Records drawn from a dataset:
(* Let $X$ be a random variable taking values in a finite set $\mathcal{X}$ according to a PMF $P$, and let $f\colon\mathcal{X}\to\{1,\dots,|\mathcal{X}|\}$ be a bijection. Then $$\mathbb{E}[\log f(X)]\ \ge\ H(X)-\log\big(\ln|\mathcal{X}|+3/2\big).$$
   Context: $\log$ is base 2, $\ln$ is the natural logarithm, and $H(X)$ is the Shannon entropy (base 2) of $X$. *)

theory Defs
  imports "HOL-Probability.Probability"
begin

text \<open>Shannon entropy (base 2) of a discrete distribution with finite support,
  with the convention 0 log 0 = 0 (note log 2 0 = 0 in Isabelle).\<close>
definition shannon_entropy :: "'a pmf \<Rightarrow> real" where
  "shannon_entropy p = - (\<Sum>x\<in>set_pmf p. pmf p x * log 2 (pmf p x))"

end

theory Submission
  imports Defs "HOL-Analysis.Harmonic_Numbers"
begin

text \<open>Gibbs' inequality against the subprobability weights \<open>q x = 1 / (f x \<cdot> H\<^sub>n)\<close>,
  where \<open>H\<^sub>n\<close> is the \<open>n\<close>-th harmonic number, gives
  \<open>H(X) \<le> E[log f(X)] + log H\<^sub>n\<close>; and \<open>H\<^sub>n \<le> ln n + 1\<close>.\<close>

lemma mult_log_div_le:
  fixes p q :: real
  assumes "p > 0" "q > 0"
  shows "p * log 2 (q / p) \<le> (q - p) / ln 2"
proof -
  have "p * ln (q / p) \<le> p * (q / p - 1)"
    using assms by (intro mult_left_mono ln_le_minus_one) auto
  also have "\<dots> = q - p" using assms by (simp add: field_simps)
  finally show ?thesis by (simp add: log_def divide_right_mono)
qed

lemma shannon_entropy_le_cross_entropy:
  fixes p :: "'a pmf" and q :: "'a \<Rightarrow> real"
  assumes fin: "finite (set_pmf p)"
    and q_pos: "\<And>x. x \<in> set_pmf p \<Longrightarrow> q x > 0"
    and q_sum: "(\<Sum>x\<in>set_pmf p. q x) \<le> 1"
  shows "shannon_entropy p \<le> - (\<Sum>x\<in>set_pmf p. pmf p x * log 2 (q x))"
proof -
  have "(\<Sum>x\<in>set_pmf p. pmf p x * log 2 (q x)) - (\<Sum>x\<in>set_pmf p. pmf p x * log 2 (pmf p x))
      = (\<Sum>x\<in>set_pmf p. pmf p x * (log 2 (q x) - log 2 (pmf p x)))"
    by (simp add: sum_subtractf right_diff_distrib)
  also have "\<dots> = (\<Sum>x\<in>set_pmf p. pmf p x * log 2 (q x / pmf p x))"
    using q_pos by (intro sum.cong refl) (simp add: log_divide pmf_positive less_imp_neq[symmetric])
  also have "\<dots> \<le> (\<Sum>x\<in>set_pmf p. (q x - pmf p x) / ln 2)"
    using q_pos by (intro sum_mono mult_log_div_le) (auto simp: pmf_positive)
  also have "\<dots> = ((\<Sum>x\<in>set_pmf p. q x) - 1) / ln 2"
    using fin by (simp add: sum_divide_distrib[symmetric] sum_subtractf sum_pmf_eq_1)
  also have "\<dots> \<le> 0" using q_sum by (simp add: divide_nonpos_pos)
  finally show ?thesis unfolding shannon_entropy_def by simp
qed

lemma harm_le_ln_plus_one:
  assumes "n \<ge> 1"
  shows "harm n \<le> ln (real n) + 1"
  using euler_mascheroni_sequence_decreasing[of 1 n] assms by (simp add: harm_def)

lemma sum_inverse_bij_betw_harm:
  assumes "bij_betw f A {1..card A}"
  shows "(\<Sum>x\<in>A. 1 / real (f x)) = harm (card A)"
proof -
  have "(\<Sum>x\<in>A. 1 / real (f x)) = (\<Sum>k\<in>{1..card A}. 1 / real k)"
    using assms by (rule sum.reindex_bij_betw)
  then show ?thesis by (simp add: harm_def divide_inverse)
qed

lemma shannon_entropy_le_expectation_log:
  fixes p :: "'a pmf" and w :: "'a \<Rightarrow> real"
  assumes "finite A" "set_pmf p \<subseteq> A"
    and w_pos: "\<And>x. x \<in> A \<Longrightarrow> w x > 0"
    and Z_def: "Z = (\<Sum>x\<in>A. 1 / w x)"
  shows "shannon_entropy p \<le> measure_pmf.expectation p (\<lambda>x. log 2 (w x)) + log 2 Z"
proof -
  define q where "q x = 1 / (w x * Z)" for x
  have fin: "finite (set_pmf p)" using assms(1,2) by (rule finite_subset[rotated])
  have "set_pmf p \<noteq> {}" by (rule set_pmf_not_empty)
  then have Z_pos: "Z > 0"
    unfolding Z_def using assms(1,2) w_pos by (intro sum_pos) auto
  have "(\<Sum>x\<in>set_pmf p. q x) \<le> (\<Sum>x\<in>A. q x)"
    using assms(1,2) w_pos Z_pos by (intro sum_mono2) (auto simp: q_def less_imp_le)
  also have "\<dots> = 1"
    using Z_pos by (simp add: q_def Z_def[symmetric] flip: sum_divide_distrib divide_divide_eq_left)
  finally have "shannon_entropy p \<le> - (\<Sum>x\<in>set_pmf p. pmf p x * log 2 (q x))"
    using fin assms(2) w_pos Z_pos by (intro shannon_entropy_le_cross_entropy) (auto simp: q_def)
  also have "\<dots> = (\<Sum>x\<in>set_pmf p. pmf p x * log 2 (w x) + pmf p x * log 2 Z)"
    using assms(2) w_pos Z_pos
    by (subst sum_negf[symmetric], intro sum.cong refl)
      (force simp: q_def log_divide log_mult ring_distribs)
  also have "\<dots> = (\<Sum>x\<in>set_pmf p. pmf p x * log 2 (w x)) + log 2 Z"
    using fin by (simp add: sum.distrib sum_distrib_right[symmetric] sum_pmf_eq_1)
  also have "(\<Sum>x\<in>set_pmf p. pmf p x * log 2 (w x)) = measure_pmf.expectation p (\<lambda>x. log 2 (w x))"
    using fin by (subst integral_measure_pmf_real) (auto simp: mult.commute)
  finally show ?thesis .
qed

theorem lemma4:
  fixes p :: "'a pmf" and A :: "'a set" and f :: "'a \<Rightarrow> nat"
  assumes "finite A" and "A \<noteq> {}"
    and "set_pmf p \<subseteq> A"
    and "bij_betw f A {1..card A}"
  shows "measure_pmf.expectation p (\<lambda>x. log 2 (real (f x)))
           \<ge> shannon_entropy p - log 2 (ln (real (card A)) + 3/2)"
proof -
  have card_pos: "card A \<ge> 1" using assms(1,2) by (simp add: Suc_le_eq card_gt_0_iff)
  have f_pos: "real (f x) > 0" if "x \<in> A" for x
    using bij_betwE[OF assms(4)] that by fastforce
  have "shannon_entropy p \<le> measure_pmf.expectation p (\<lambda>x. log 2 (real (f x))) + log 2 (harm (card A))"
    using assms(1,3) f_pos sum_inverse_bij_betw_harm[OF assms(4)]
    by (intro shannon_entropy_le_expectation_log) auto
  also have "log 2 (harm (card A)) \<le> log 2 (ln (real (card A)) + 3/2)"
    using harm_le_ln_plus_one[OF card_pos] card_pos by (intro log_mono) auto
  finally show ?thesis by simp
qed

end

▶ **ABOUT THIS TASK**
Reproduce every line of the records containing the string "thesis".

▶ **RESULT OF THE EXERCISE**
  finally show ?thesis by (simp add: log_def divide_right_mono)
  finally show ?thesis unfolding shannon_entropy_def by simp
  then show ?thesis by (simp add: harm_def divide_inverse)
  finally show ?thesis .
  finally show ?thesis by simp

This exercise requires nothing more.